It’s the week before your personal injury court case and you’re freaking out.
What do you call people? Where do you stand? What do you say?
Court is alien territory for most people, that’s for sure.
The first thing to remember is this: even though you have a date to appear in court, only a tiny portion of personal injury cases end up in a full court hearing.
In the days and hours before your court hearing, the barristers will keep trying to settle.
If a court hearing can be avoided at all, it will.
Full court hearings are risky – nobody knows how a judge will view your case. And nobody wants to be on the losing side and risk having to pay everyone’s legal costs. When the stakes are high, minds get focused and serious discussions happen.

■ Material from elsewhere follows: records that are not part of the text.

lemma heis_chain_eq_lattice: "heis_chain p l = heis_lattice (int p ^ l) (int p ^ (2 * l))"
  by (simp add: heis_chain_eq heis_lattice_eq)

lemma heis_lattice_mono: "m' dvd m \<Longrightarrow> n' dvd n \<Longrightarrow> heis_lattice m n \<subseteq> heis_lattice m' n'"
  by (auto simp: heis_lattice_def intro: dvd_trans)

lemma heis_lattice_psubset:
  assumes "m dvd n" and "\<not> n dvd m"
  shows "heis_lattice n n \<subset> heis_lattice m n"
proof
  show "heis_lattice n n \<subseteq> heis_lattice m n" using assms(1) by (rule heis_lattice_mono) simp
  have "(m, 0, 0) \<in> heis_lattice m n" "(m, 0, 0) \<notin> heis_lattice n n"
    using assms(2) by (simp_all add: heis_lattice_def)
  then show "heis_lattice n n \<noteq> heis_lattice m n" by blast
qed

lemma normal_core_heis_lattice:
  assumes "m dvd n"
  shows "normal_core heis (heis_lattice m n) = heis_lattice n n"
proof (rule Set.set_eqI)
  fix t :: "int \<times> int \<times> int"
  obtain a b c where t: "t = (a, b, c)" by (cases t)
  have "t \<in> normal_core heis (heis_lattice m n)
          \<longleftrightarrow> (\<forall>x y. m dvd a \<and> m dvd b \<and> n dvd c - x * b + a * y)"
    by (simp add: group.mem_normal_core_iff[OF group_heis] t heis_lattice_def algebra_simps)
  also have "\<dots> \<longleftrightarrow> n dvd a \<and> n dvd b \<and> n dvd c"
  proof
    assume h: "\<forall>x y. m dvd a \<and> m dvd b \<and> n dvd c - x * b + a * y"
    then have "n dvd c" "n dvd c + b" "n dvd c + a"
      using spec2[OF h, of 0 0] spec2[OF h, of "-1" 0] spec2[OF h, of 0 1] by simp_all
    then show "n dvd a \<and> n dvd b \<and> n dvd c"
      by (metis add_diff_cancel_left' dvd_diff)
  qed (use assms dvd_trans in auto)
  finally show "t \<in> normal_core heis (heis_lattice m n) \<longleftrightarrow> t \<in> heis_lattice n n"
    by (simp add: t heis_lattice_def)
qed

lemma heis_lattice_normal: "heis_lattice n n \<lhd> heis"
proof -
  have "subgroup (heis_lattice n n) heis"
  proof (rule group.subgroupI[OF group_heis])
    show "heis_lattice n n \<noteq> {}" by (auto simp: heis_lattice_def)
  qed (auto simp: heis_lattice_def)
  moreover have "g \<otimes>\<^bsub>heis\<^esub> h \<otimes>\<^bsub>heis\<^esub> inv\<^bsub>heis\<^esub> g \<in> heis_lattice n n"
    if "h \<in> heis_lattice n n" for g h
    using that by (cases g; cases h) (auto simp: heis_lattice_def algebra_simps)
  ultimately show ?thesis
    by (simp add: group.normal_inv_iff[OF group_heis])
qed

lemma heis_lattice_rcoset:
  "heis_lattice n n #>\<^bsub>heis\<^esub> (a, b, c) = {(u, v, w). u mod n = a mod n \<and> v mod n = b mod n \<and> w mod n = c mod n}"
proof (rule Set.set_eqI)
  fix t :: "int \<times> int \<times> int"
  obtain u v w where t: "t = (u, v, w)" by (cases t)
  have "t \<in> heis_lattice n n #>\<^bsub>heis\<^esub> (a, b, c) \<longleftrightarrow>
          (\<exists>x y z. n dvd x \<and> n dvd y \<and> n dvd z \<and> t = (x + a, y + b, z + c + x * b))"
    by (auto simp: r_coset_def heis_lattice_def)
  also have "\<dots> \<longleftrightarrow> n dvd u - a \<and> n dvd v - b \<and> n dvd w - c"
  proof
    assume "n dvd u - a \<and> n dvd v - b \<and> n dvd w - c"
    moreover have "t = (u - a + a, v - b + b, (w - c - (u - a) * b) + c + (u - a) * b)"
      using t by simp
    ultimately show "\<exists>x y z. n dvd x \<and> n dvd y \<and> n dvd z \<and> t = (x + a, y + b, z + c + x * b)"
      by (metis dvd_diff dvd_mult2)
  qed (auto simp: t)
  finally show "t \<in> heis_lattice n n #>\<^bsub>heis\<^esub> (a, b, c) \<longleftrightarrow>
      t \<in> {(u, v, w). u mod n = a mod n \<and> v mod n = b mod n \<and> w mod n = c mod n}"
    by (simp add: t mod_eq_dvd_iff)
qed

lemma card_rcosets_heis_lattice:
  assumes "n > 0"
  shows "card (rcosets\<^bsub>heis\<^esub> (heis_lattice n n)) = nat n ^ 3"
proof -
  define r :: "int \<times> int \<times> int \<Rightarrow> int \<times> int \<times> int"
    where "r = map_prod (\<lambda>a. a mod n) (map_prod (\<lambda>b. b mod n) (\<lambda>c. c mod n))"
  have coset: "heis_lattice n n #>\<^bsub>heis\<^esub> g = r -` {r g}" for g
    by (cases g) (auto simp: heis_lattice_rcoset r_def)
  have range_r: "range r = {0..<n} \<times> {0..<n} \<times> {0..<n}"
  proof
    show "range r \<subseteq> {0..<n} \<times> {0..<n} \<times> {0..<n}"
      using assms by (auto simp: r_def)
    show "{0..<n} \<times> {0..<n} \<times> {0..<n} \<subseteq> range r"
    proof
      fix s assume "s \<in> {0..<n} \<times> {0..<n} \<times> {0..<n}"
      then have "r s = s" by (auto simp: r_def)
      then show "s \<in> range r" by (metis rangeI)
    qed
  qed
  have "rcosets\<^bsub>heis\<^esub> (heis_lattice n n) = (\<lambda>v. r -` {v}) ` range r"
    by (auto simp: RCOSETS_def coset)
  moreover have "inj_on (\<lambda>v. r -` {v}) (range r)"
    by (rule inj_onI) blast
  ultimately have "card (rcosets\<^bsub>heis\<^esub> (heis_lattice n n)) = card (range r)"
    by (simp add: card_image)
  then show ?thesis
    by (simp add: range_r card_cartesian_product power3_eq_cube)
qed

theorem mainTheorem8:
  fixes p :: nat
  assumes "Factorial_Ring.prime p"
  shows "group heis
    \<and> heis_phi p \<in> hom heis heis \<and> inj (heis_phi p)
    \<and> (\<forall>l. heis_chain p l = {(int p ^ l * a, int p ^ l * b, int p ^ (2*l) * c) | a b c. True})
    \<and> (\<forall>l. normal_core heis (heis_chain p l)
            = {(int p ^ (2*l) * a, int p ^ (2*l) * b, int p ^ (2*l) * c) | a b c. True})
    \<and> (\<forall>q. Factorial_Ring.prime q \<longrightarrow>
          steinitz_exponent heis (\<lambda>l. normal_core heis (heis_chain p l)) q
            = (if q = p then \<infinity> else 0))
    \<and> (\<forall>l>0. normal_core heis (heis_chain p l) \<subset> heis_chain p l)
    \<and> discriminant heis (heis_chain p) (\<lambda>l. normal_core heis (heis_chain p l))
        = {\<one>\<^bsub>invlim heis (\<lambda>l. normal_core heis (heis_chain p l))\<^esub>}"
proof -
  have p: "p > 1" using assms prime_gt_1_nat by blast
  define C where "C l = heis_lattice (int p ^ (2 * l)) (int p ^ (2 * l))" for l
  have core: "normal_core heis (heis_chain p l) = C l" for l
    by (simp add: C_def heis_chain_eq_lattice normal_core_heis_lattice le_imp_power_dvd)
  interpret inverse_system heis C
    by (rule inverse_system.intro)
      (simp_all add: group_heis C_def heis_lattice_normal heis_lattice_mono le_imp_power_dvd)
  have index: "card (rcosets\<^bsub>heis\<^esub> (C l)) = p ^ (6 * l)" for l
    using p by (simp add: C_def card_rcosets_heis_lattice nat_power_eq flip: power_mult)
  have steinitz: "steinitz_exponent heis C q = (if q = p then \<infinity> else 0)"
    if "Factorial_Ring.prime q" for q
    by (rule steinitz_exponent_prime_power_indices[OF assms that index]) presburger
  have core_psubset: "C l \<subset> heis_chain p l" if "l > 0" for l
  proof -
    have "\<not> int p ^ (2 * l) dvd int p ^ l"
      using p that by (auto dest!: zdvd_imp_le simp: power_strict_increasing_iff)
    then show ?thesis
      by (simp add: C_def heis_chain_eq_lattice heis_lattice_psubset le_imp_power_dvd)
  qed
  have discriminant: "discriminant heis (heis_chain p) C = {\<one>\<^bsub>invlim heis C\<^esub>}"
  proof (rule discriminant_eq_one)
    show "\<exists>m\<ge>l. heis_chain p m \<subseteq> C l" for l
      by (intro exI[of _ "2 * l"])
        (simp add: C_def heis_chain_eq_lattice heis_lattice_mono le_imp_power_dvd)
  qed (simp add: heis_chain_eq_lattice heis_lattice_def)
  have C_eq: "C l = {(int p ^ (2*l) * a, int p ^ (2*l) * b, int p ^ (2*l) * c) | a b c. True}" for l
    by (simp add: C_def heis_lattice_eq)
  show ?thesis
    unfolding core
    using p steinitz core_psubset discriminant
    by (intro conjI allI impI group_heis heis_phi_hom inj_heis_phi heis_chain_eq C_eq) auto
qed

So, right up to the minutes before you go into the courtroom, there is always a chance that your case will settle.
If your case is one of the few that doesn’t settle, and it goes in front of a judge to decide, you need to be ready.
You need to be ready for intense negotiations, be ready to tell your story in the witness box, and be ready to play your part in getting the compensation award you deserve.

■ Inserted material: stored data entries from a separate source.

lemma corner_count_zero_left [simp]: "corner_count \<pi> 0 j = 0"
  by (simp add: corner_count_def)

lemma corner_count_le: "corner_count \<pi> i j \<le> i"
  unfolding corner_count_def by (rule order.trans[OF card_mono[of "{1..i}"]]) auto

lemma corner_count_step_left:
  assumes "1 \<le> i"
  shows "corner_count \<pi> i j = corner_count \<pi> (i - 1) j + (if \<pi> i \<le> j then 1 else 0)"
proof -
  have "{k \<in> {1..i}. \<pi> k \<le> j} = {k \<in> {1..i - 1}. \<pi> k \<le> j} \<union> (if \<pi> i \<le> j then {i} else {})"
  proof (rule set_eqI)
    fix x
    show "x \<in> {k \<in> {1..i}. \<pi> k \<le> j} \<longleftrightarrow>
        x \<in> {k \<in> {1..i - 1}. \<pi> k \<le> j} \<union> (if \<pi> i \<le> j then {i} else {})"
      using assms by (cases "x = i") auto
  qed
  then show ?thesis
    unfolding corner_count_def using assms by (simp add: card_insert_if)
qed

lemma corner_count_step_value:
  assumes "1 \<le> j"
  shows "corner_count \<pi> i j = corner_count \<pi> i (j - 1) + value_count \<pi> i j"
proof -
  have "{k \<in> {1..i}. \<pi> k \<le> j} = {k \<in> {1..i}. \<pi> k \<le> j - 1} \<union> {k \<in> {1..i}. \<pi> k = j}"
    using assms by auto
  moreover have "{k \<in> {1..i}. \<pi> k \<le> j - 1} \<inter> {k \<in> {1..i}. \<pi> k = j} = {}"
    using assms by auto
  ultimately show ?thesis
    unfolding corner_count_def value_count_def by (simp add: card_Un_disjoint)
qed

lemma value_count_step_left:
  assumes "1 \<le> i"
  shows "value_count \<pi> i j = value_count \<pi> (i - 1) j + (if \<pi> i = j then 1 else 0)"
proof -
  have "{k \<in> {1..i}. \<pi> k = j} = {k \<in> {1..i - 1}. \<pi> k = j} \<union> (if \<pi> i = j then {i} else {})"
  proof (rule set_eqI)
    fix x
    show "x \<in> {k \<in> {1..i}. \<pi> k = j} \<longleftrightarrow>
        x \<in> {k \<in> {1..i - 1}. \<pi> k = j} \<union> (if \<pi> i = j then {i} else {})"
      using assms by (cases "x = i") auto
  qed
  then show ?thesis
    unfolding value_count_def using assms by (simp add: card_insert_if)
qed

lemma value_count_le_one: "inj \<pi> \<Longrightarrow> value_count \<pi> i j \<le> 1"
  unfolding value_count_def
  by (rule order.trans[OF card_mono[of "{inv \<pi> j}"]]) (auto simp: inv_f_f)

lemma value_count_before_self: "inj \<pi> \<Longrightarrow> 1 \<le> i \<Longrightarrow> value_count \<pi> (i - 1) (\<pi> i) = 0"
  unfolding value_count_def by (auto simp: inj_eq)

context
  fixes \<pi> :: "nat \<Rightarrow> nat" and n :: nat
  assumes perm: "\<pi> permutes {1..n}"
begin

lemma permutes_value_ge_one: "1 \<le> k \<Longrightarrow> 1 \<le> \<pi> k"
proof (cases "k \<le> n")
  case True
  then show "1 \<le> k \<Longrightarrow> 1 \<le> \<pi> k"
    using permutes_in_image[OF perm, of k] by auto
next
  case False
  then show "1 \<le> k \<Longrightarrow> 1 \<le> \<pi> k"
    using permutes_not_in[OF perm, of k] by auto
qed

lemma corner_count_zero_value [simp]: "corner_count \<pi> i 0 = 0"
proof -
  have "{k \<in> {1..i}. \<pi> k \<le> 0} = {}"
    using permutes_value_ge_one by fastforce
  then show ?thesis by (simp add: corner_count_def)
qed

lemma corner_count_full_left:
  assumes "j \<le> n"
  shows "corner_count \<pi> n j = j"
proof -
  have "\<pi> ` {k \<in> {1..n}. \<pi> k \<le> j} = {1..j}"
  proof
    show "\<pi> ` {k \<in> {1..n}. \<pi> k \<le> j} \<subseteq> {1..j}"
      using permutes_value_ge_one by auto
    show "{1..j} \<subseteq> \<pi> ` {k \<in> {1..n}. \<pi> k \<le> j}"
    proof
      fix y assume y: "y \<in> {1..j}"
      then have "y \<in> \<pi> ` {1..n}"
        using permutes_image[OF perm] assms by auto
      then show "y \<in> \<pi> ` {k \<in> {1..n}. \<pi> k \<le> j}"
        using y by auto
    qed
  qed
  moreover have "inj_on \<pi> {k \<in> {1..n}. \<pi> k \<le> j}"
    using permutes_inj[OF perm] by (auto simp: inj_on_def inj_def)
  ultimately show ?thesis
    unfolding corner_count_def by (metis card_atLeastAtMost card_image diff_Suc_1)
qed

lemma corner_count_full_value:
  assumes "i \<le> n"
  shows "corner_count \<pi> i n = i"
proof -
  have "{k \<in> {1..i}. \<pi> k \<le> n} = {1..i}"
    using permutes_in_image[OF perm] assms by fastforce
  then show ?thesis by (simp add: corner_count_def)
qed

lemma card_later_above:
  assumes "i \<le> n" "j \<le> n"
  shows "real (card {k\<in>{1..n}. i < k \<and> j < \<pi> k}) = real n - real i - real j + real (corner_count \<pi> i j)"
proof -
  have "{k\<in>{1..n}. \<not> \<pi> k \<le> j} = {k\<in>{1..i}. \<not> \<pi> k \<le> j} \<union> {k\<in>{1..n}. i < k \<and> j < \<pi> k}"
    using assms by auto
  then have "card {k\<in>{1..n}. \<not> \<pi> k \<le> j}
      = card {k\<in>{1..i}. \<not> \<pi> k \<le> j} + card {k\<in>{1..n}. i < k \<and> j < \<pi> k}"
    by (simp add: card_Un_disjoint disjoint_iff)
  moreover have "card {k\<in>{1..n}. \<pi> k \<le> j} = j"
    using corner_count_full_left[OF assms(2)] by (simp add: corner_count_def)
  ultimately show ?thesis
    using card_filter_add_card_filter_not[of "{1..n}" "\<lambda>k. \<pi> k \<le> j"]
      card_filter_add_card_filter_not[of "{1..i}" "\<lambda>k. \<pi> k \<le> j"]
    unfolding corner_count_def by simp
qed

lemma card_later_below:
  assumes "i \<le> n" "1 \<le> j" "j \<le> n"
  shows "real (card {k\<in>{1..n}. i < k \<and> \<pi> k < j}) = real j - 1 - real (corner_count \<pi> i (j - 1))"
proof -
  have "{k\<in>{1..n}. \<pi> k \<le> j - 1} = {k\<in>{1..i}. \<pi> k \<le> j - 1} \<union> {k\<in>{1..n}. i < k \<and> \<pi> k < j}"
    using assms by auto
  then have "card {k\<in>{1..n}. \<pi> k \<le> j - 1}
      = card {k\<in>{1..i}. \<pi> k \<le> j - 1} + card {k\<in>{1..n}. i < k \<and> \<pi> k < j}"
    by (simp add: card_Un_disjoint disjoint_iff)
  moreover have "card {k\<in>{1..n}. \<pi> k \<le> j - 1} = j - 1"
    using corner_count_full_left[of "j - 1"] assms by (simp add: corner_count_def)
  ultimately show ?thesis
    using assms unfolding corner_count_def by (simp add: of_nat_diff)
qed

Here’s how court hearings usually go (remember, you’re the plaintiff):
Personal Injury Claim Court Running Order
• The plaintiff’s barrister introduces the case to the court
• The plaintiff witnesses give evidence in favour of the claim (this includes you)

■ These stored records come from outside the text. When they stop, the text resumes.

lemma card_clique_vector_diff_ge_square:
  assumes P: "partition_on {1..n} P" and Q: "partition_on {1..n} Q"
    and sizes_P: "\<forall>B\<in>P. m \<le> card B" and sizes_Q: "\<forall>C\<in>Q. m \<le> card C"
    and "P \<noteq> Q" and few: "card (clique_vector n P - clique_vector n Q) < m"
  shows "m * m \<le> card (clique_vector n Q - clique_vector n P)"
proof (cases "clique_vector n P - clique_vector n Q = {}")
  case True
  obtain B C where "B \<in> P" "C \<in> Q" "B \<inter> C \<noteq> {}" "B \<noteq> C"
    using partition_on_eqI[OF P Q] \<open>P \<noteq> Q\<close> by blast
  moreover have "B \<subseteq> C"
    using calculation True block_subset_block_outside_split_pairs[OF P Q, of "{}"] by blast
  ultimately have "m * card B \<le> card (clique_vector n Q - clique_vector n P)"
    using True by (intro mult_card_block_le_card_clique_vector_diff[OF P Q sizes_P, of B C C]) auto
  then show ?thesis
    using sizes_P \<open>B \<in> P\<close> by (meson le_trans mult_le_mono2)
next
  case False
  then obtain i j where "(i, j) \<in> clique_vector n P - clique_vector n Q"
    by auto
  then obtain B where "B \<in> P" "i \<in> B" "j \<in> B" "i \<in> {1..n}"
    "\<not> (\<exists>C\<in>Q. i \<in> C \<and> j \<in> C)"
    unfolding clique_vector_def coords_def by auto
  moreover obtain C where "C \<in> Q" "i \<in> C"
    using partition_on_obtain_block[OF Q \<open>i \<in> {1..n}\<close>] .
  ultimately show ?thesis
    by (intro card_clique_vector_diff_ge_square_if_split[OF P Q sizes_P sizes_Q few, of B C j]) auto
qed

• The plaintiff witnesses can be cross-examined by the defendant’s barrister
• The defence witnesses give evidence against the claim
• The defence witnesses can be cross-examined by the plaintiff barrister
• The defence barrister gives a summary of the defence case to the judge
• The plaintiff’s barrister gives a summary of the case to the judge
• The judge can either make a decision immediately, or can take some time to think about it and issue their decision at a later point.